PowerShell (Windows)
将请求正文保存在名为 request.json
的文件中,然后执行以下命令:
$cred = gcloud auth application-default print-access-token
$headers = @{ "Authorization" = "Bearer $cred" }
Invoke-WebRequest `
-Method POST `
-Headers $headers `
-ContentType: "application/json; charset=utf-8" `
-InFile request.json `
-Uri "https://speech.googleapis.com/v1p1beta1/speech:recognize" | Select-Object -Expand Content
您应会收到如下所示的 JSON 响应:
{ "results": [ { "alternatives": [ { "transcript": "When deciding whether to bring an umbrella, I consider the weather", "confidence": 0.9463943 } ], "languageCode": "en-us" } ] }
Java
import com.google.cloud.speech.v1.RecognitionAudio;
import com.google.cloud.speech.v1.RecognitionConfig;
import com.google.cloud.speech.v1.RecognizeRequest;
import com.google.cloud.speech.v1.RecognizeResponse;
import com.google.cloud.speech.v1.SpeechClient;
import com.google.cloud.speech.v1.SpeechContext;
import com.google.cloud.speech.v1.SpeechRecognitionAlternative;
import com.google.cloud.speech.v1.SpeechRecognitionResult;
import java.io.IOException;
class TranscribeContextClasses {
void transcribeContextClasses() throws IOException {
// TODO(developer): Replace these variables before running the sample.
String storageUri = "gs://YOUR_BUCKET_ID/path/to/your/file.wav";
transcribeContextClasses(storageUri);
}
// Provides "hints" to the speech recognizer to favor specific classes of words in the results.
static void transcribeContextClasses(String storageUri) throws IOException {
// Initialize client that will be used to send requests.

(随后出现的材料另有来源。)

lemma sum_complement_plus_sum_pred:
  fixes P :: "'a \<Rightarrow> nat"
  assumes "\<And>w. w \<in> A \<Longrightarrow> 1 \<le> P w \<and> P w \<le> k"
  shows "(\<Sum>w\<in>A. k - P w) + (\<Sum>w\<in>A. P w - 1) + card A = card A * k"
proof -
  have "(\<Sum>w\<in>A. k - P w + (P w - 1) + 1) = (\<Sum>w\<in>A. k)"
    using assms by (intro sum.cong) fastforce+
  then show ?thesis by (simp add: sum.distrib sum_Suc)
qed

lemma sum_lessThan_add_nat: "(\<Sum>i<k + b. i) = (\<Sum>i<k. i) + b * k + (\<Sum>i<b. i :: nat)"
  by (induction b) simp_all

lemma sum_lessThan_plus_eq_Suc_choose_two: "(\<Sum>i<b. i) + b = Suc b choose 2"
  by (induction b) (simp_all add: numeral_2_eq_2)

section \<open>Descents and the first row\<close>

definition first_row :: "nat \<Rightarrow> (nat \<times> nat) set" where
  "first_row k = (\<lambda>j. (0, j)) ` {..<k}"

text \<open>Since the first row is the top row, m can only be a descent of a standard tableau if m+1
  lies below the first row.  Hence des is at most the number of cells below the first row, with
  equality exactly when every such m is a descent.\<close>

definition possible_descents :: "nat \<Rightarrow> nat \<Rightarrow> (nat \<times> nat \<Rightarrow> nat) \<Rightarrow> nat set" where
  "possible_descents k N T = {m. 1 \<le> m \<and> m < N \<and> m + 1 \<notin> T ` first_row k}"

lemma descents_subset_possible_descents:
  assumes "inj_on T (cells (k # sh))"
  shows "descents (k # sh) T \<subseteq> possible_descents k (sum_list (k # sh)) T"
proof
  fix m assume "m \<in> descents (k # sh) T"
  then obtain i j i' j' where d: "1 \<le> m" "m < sum_list (k # sh)"
      "(i', j') \<in> cells (k # sh)" "T (i', j') = m + 1" "i < i'"
    unfolding descents_def by blast
  have "m + 1 \<notin> T ` first_row k"
  proof
    assume "m + 1 \<in> T ` first_row k"
    then obtain j where "j < k" "T (0, j) = m + 1" by (auto simp: first_row_def)
    then have "(0, j) = (i', j')" using inj_onD[OF assms _ _ d(3)] d(4) by simp
    then show False using d(5) by simp
  qed
  then show "m \<in> possible_descents k (sum_list (k # sh)) T"
    using d(1,2) by (simp add: possible_descents_def)
qed

lemma SYT_first_row_pred:
  assumes "T \<in> SYT (k # sh)"
  shows "inj_on (\<lambda>j. T (0, j) - 1) {..<k}"
    and "(\<lambda>j. T (0, j) - 1) ` {..<k} \<subseteq> {..<sum_list (k # sh)}"
proof -
  have range: "j < k \<Longrightarrow> T (0, j) \<in> {1..sum_list (k # sh)}" for j
    using SYT_label_range[OF assms] by simp
  show "inj_on (\<lambda>j. T (0, j) - 1) {..<k}"
  proof (rule inj_onI)
    fix j j' assume jj: "j \<in> {..<k}" "j' \<in> {..<k}" "T (0, j) - 1 = T (0, j') - 1"
    then have "T (0, j) = T (0, j')" using range[of j] range[of j'] by auto
    then show "j = j'" using inj_onD[OF SYT_inj_on[OF assms], of "(0, j)" "(0, j')"] jj(1,2) by simp
  qed
  show "(\<lambda>j. T (0, j) - 1) ` {..<k} \<subseteq> {..<sum_list (k # sh)}"
    using range by fastforce
qed

lemma possible_descents_subset:
  assumes "T \<in> SYT (k # sh)"
  shows "possible_descents k (sum_list (k # sh)) T
    \<subseteq> {..<sum_list (k # sh)} - (\<lambda>j. T (0, j) - 1) ` {..<k}"
proof -
  have "T (0, j) \<ge> 1" if "j < k" for j
    using SYT_label_range[OF assms, of "(0, j)"] that by simp
  then show ?thesis by (force simp: possible_descents_def first_row_def)
qed

lemma possible_descents_eq:
  assumes "T \<in> SYT (k # sh)" "T (0, 0) = 1"
  shows "possible_descents k (sum_list (k # sh)) T
    = {..<sum_list (k # sh)} - (\<lambda>j. T (0, j) - 1) ` {..<k}"
proof
  have "0 < k" using SYT_outside[OF assms(1), of "(0, 0)"] assms(2) by (cases k) auto
  show "{..<sum_list (k # sh)} - (\<lambda>j. T (0, j) - 1) ` {..<k}
      \<subseteq> possible_descents k (sum_list (k # sh)) T"
  proof
    fix m assume m: "m \<in> {..<sum_list (k # sh)} - (\<lambda>j. T (0, j) - 1) ` {..<k}"
    have "0 \<in> (\<lambda>j. T (0, j) - 1) ` {..<k}" using assms(2) \<open>0 < k\<close> by force
    then have "m \<noteq> 0" using m by auto
    then show "m \<in> possible_descents k (sum_list (k # sh)) T"
      using m by (force simp: possible_descents_def first_row_def)
  qed
qed (rule possible_descents_subset[OF assms(1)])

lemma card_possible_descents_le:
  assumes "T \<in> SYT (k # sh)"
  shows "card (possible_descents k (sum_list (k # sh)) T) \<le> sum_list sh"
proof -
  note pred = SYT_first_row_pred[OF assms]
  have "card (possible_descents k (sum_list (k # sh)) T)
      \<le> card ({..<sum_list (k # sh)} - (\<lambda>j. T (0, j) - 1) ` {..<k})"
    by (rule card_mono[OF _ possible_descents_subset[OF assms]]) simp
  also have "\<dots> = sum_list sh"
    using card_Diff_subset[OF _ pred(2)] card_image[OF pred(1)] by simp
  finally show ?thesis .
qed

lemma descents_eq_possible_descents:
  assumes "T \<in> SYT (k # sh)" "des (k # sh) T = sum_list sh"
  shows "descents (k # sh) T = possible_descents k (sum_list (k # sh)) T"
proof (rule card_subset_eq)
  show fin: "finite (possible_descents k (sum_list (k # sh)) T)"
    by (simp add: possible_descents_def)
  show sub: "descents (k # sh) T \<subseteq> possible_descents k (sum_list (k # sh)) T"
    by (rule descents_subset_possible_descents[OF SYT_inj_on[OF assms(1)]])
  show "card (descents (k # sh) T) = card (possible_descents k (sum_list (k # sh)) T)"
    using card_mono[OF fin sub] card_possible_descents_le[OF assms(1)] assms(2)[unfolded des_def]
    by linarith
qed

lemma des_maj_eq_possible_descents:
  assumes "T \<in> SYT (k # sh)" "T (0, 0) = 1"
    and "descents (k # sh) T = possible_descents k (sum_list (k # sh)) T"
  shows "des (k # sh) T = sum_list sh"
    and "maj (k # sh) T + (\<Sum>j<k. T (0, j) - 1) = \<Sum>{..<sum_list (k # sh)}"
proof -
  note pred = SYT_first_row_pred[OF assms(1)]
  have desc: "descents (k # sh) T = {..<sum_list (k # sh)} - (\<lambda>j. T (0, j) - 1) ` {..<k}"
    using assms(3) possible_descents_eq[OF assms(1,2)] by simp
  show "des (k # sh) T = sum_list sh"
    unfolding des_def desc using card_Diff_subset[OF _ pred(2)] card_image[OF pred(1)] by simp
  show "maj (k # sh) T + (\<Sum>j<k. T (0, j) - 1) = \<Sum>{..<sum_list (k # sh)}"
    unfolding maj_def desc
    using sum.subset_diff[OF pred(2), where g = "\<lambda>m. m"] sum.reindex[OF pred(1), where g = "\<lambda>m. m"]
    by simp
qed

section \<open>The bijection\<close>

definition cell_key :: "(nat \<times> nat \<Rightarrow> nat) \<Rightarrow> nat \<times> nat \<Rightarrow> nat \<times> nat" where
  "cell_key P x = ((case x of (0, j) \<Rightarrow> Suc j | (Suc s, i) \<Rightarrow> P (i, s)), fst x)"

definition syt_of_ssyt :: "nat list \<Rightarrow> nat \<Rightarrow> (nat \<times> nat \<Rightarrow> nat) \<Rightarrow> nat \<times> nat \<Rightarrow> nat" where
  "syt_of_ssyt \<beta> k P x = (if x \<in> cells (k # conjugate \<beta>)
     then Suc (card {y\<in>cells (k # conjugate \<beta>). cell_key P y < cell_key P x}) else 0)"

definition ssyt_of_syt :: "nat list \<Rightarrow> nat \<Rightarrow> (nat \<times> nat \<Rightarrow> nat) \<Rightarrow> nat \<times> nat \<Rightarrow> nat" where
  "ssyt_of_syt \<beta> k T x = (if x \<in> cells \<beta>
     then card {j. j < k \<and> T (0, j) < T (Suc (snd x), fst x)} else 0)"

lemma cell_key_0 [simp]: "cell_key P (0, j) = (Suc j, 0)"
  by (simp add: cell_key_def)

lemma cell_key_Suc [simp]: "cell_key P (Suc s, i) = (P (i, s), Suc s)"
  by (simp add: cell_key_def)

lemma snd_cell_key: "snd (cell_key P x) = fst x"
  by (simp add: cell_key_def)

locale bounded_partition =
  fixes \<beta> :: "nat list" and k :: nat
  assumes partition: "is_partition \<beta>" and length_le: "length \<beta> \<le> k"
begin

abbreviation shape :: "nat list" where "shape \<equiv> k # conjugate \<beta>"

lemmas cells_conjugate_partition [simp] = cells_conjugate[OF partition]

lemma cells_shapeE:
  assumes "x \<in> cells shape"
  obtains (first_row) j where "x = (0, j)" "j < k"
    | (transposed) s i where "x = (Suc s, i)" "(i, s) \<in> cells \<beta>"
  using assms by (metis cells_Cons_0 cells_Cons_Suc cells_conjugate_partition not0_implies_Suc prod.collapse)

lemma row_less_k: "(i, j) \<in> cells \<beta> \<Longrightarrow> i < k"
  using length_le by (auto simp: cells_def)

lemma sum_list_shape: "sum_list shape = k + psize \<beta>"
  by (simp add: sum_list_conjugate[OF partition])

lemma SSYT_entry_range: "P \<in> SSYT \<beta> k \<Longrightarrow> w \<in> cells \<beta> \<Longrightarrow> 1 \<le> P w \<and> P w \<le> k"
  by (auto simp: SSYT_def)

This client only needs to be created
// once, and can be reused for multiple requests. After completing all of your requests, call
// the "close" method on the client to safely clean up any remaining background resources.
try (SpeechClient speechClient = SpeechClient.create()) {
// SpeechContext: to configure your speech_context see:
// https://cloud.google.com/speech-to-text/docs/reference/rpc/google.cloud.speech.v1#speechcontext
// Full list of supported phrases (class tokens) here:
// https://cloud.google.com/speech-to-text/docs/class-tokens
SpeechContext speechContext = SpeechContext.newBuilder().addPhrases("$TIME").build();
// RecognitionConfig: to configure your encoding and sample_rate_hertz, see:
// https://cloud.google.com/speech-to-text/docs/reference/rpc/google.cloud.speech.v1#recognitionconfig
RecognitionConfig config =
RecognitionConfig.newBuilder()
.setEncoding(RecognitionConfig.AudioEncoding.LINEAR16)
.setSampleRateHertz(8000)
.setLanguageCode("en-US")
.addSpeechContexts(speechContext)
.build();
// Set the path to your audio file
RecognitionAudio audio = RecognitionAudio.newBuilder().setUri(storageUri).build();
// Build the request
RecognizeRequest request =
RecognizeRequest.newBuilder().setConfig(config).setAudio(audio).build();
// Perform the request
RecognizeResponse response = speechClient.recognize(request);
for (SpeechRecognitionResult result : response.getResultsList()) {
// First alternative is the most probable result
SpeechRecognitionAlternative alternative = result.getAlternativesList().get(0);
System.out.printf("Transcript: %s\n", alternative.getTranscript());
}
}
}
}
Node.js
// Provides "hints" to the speech recognizer to favor
// specific classes of words in the results.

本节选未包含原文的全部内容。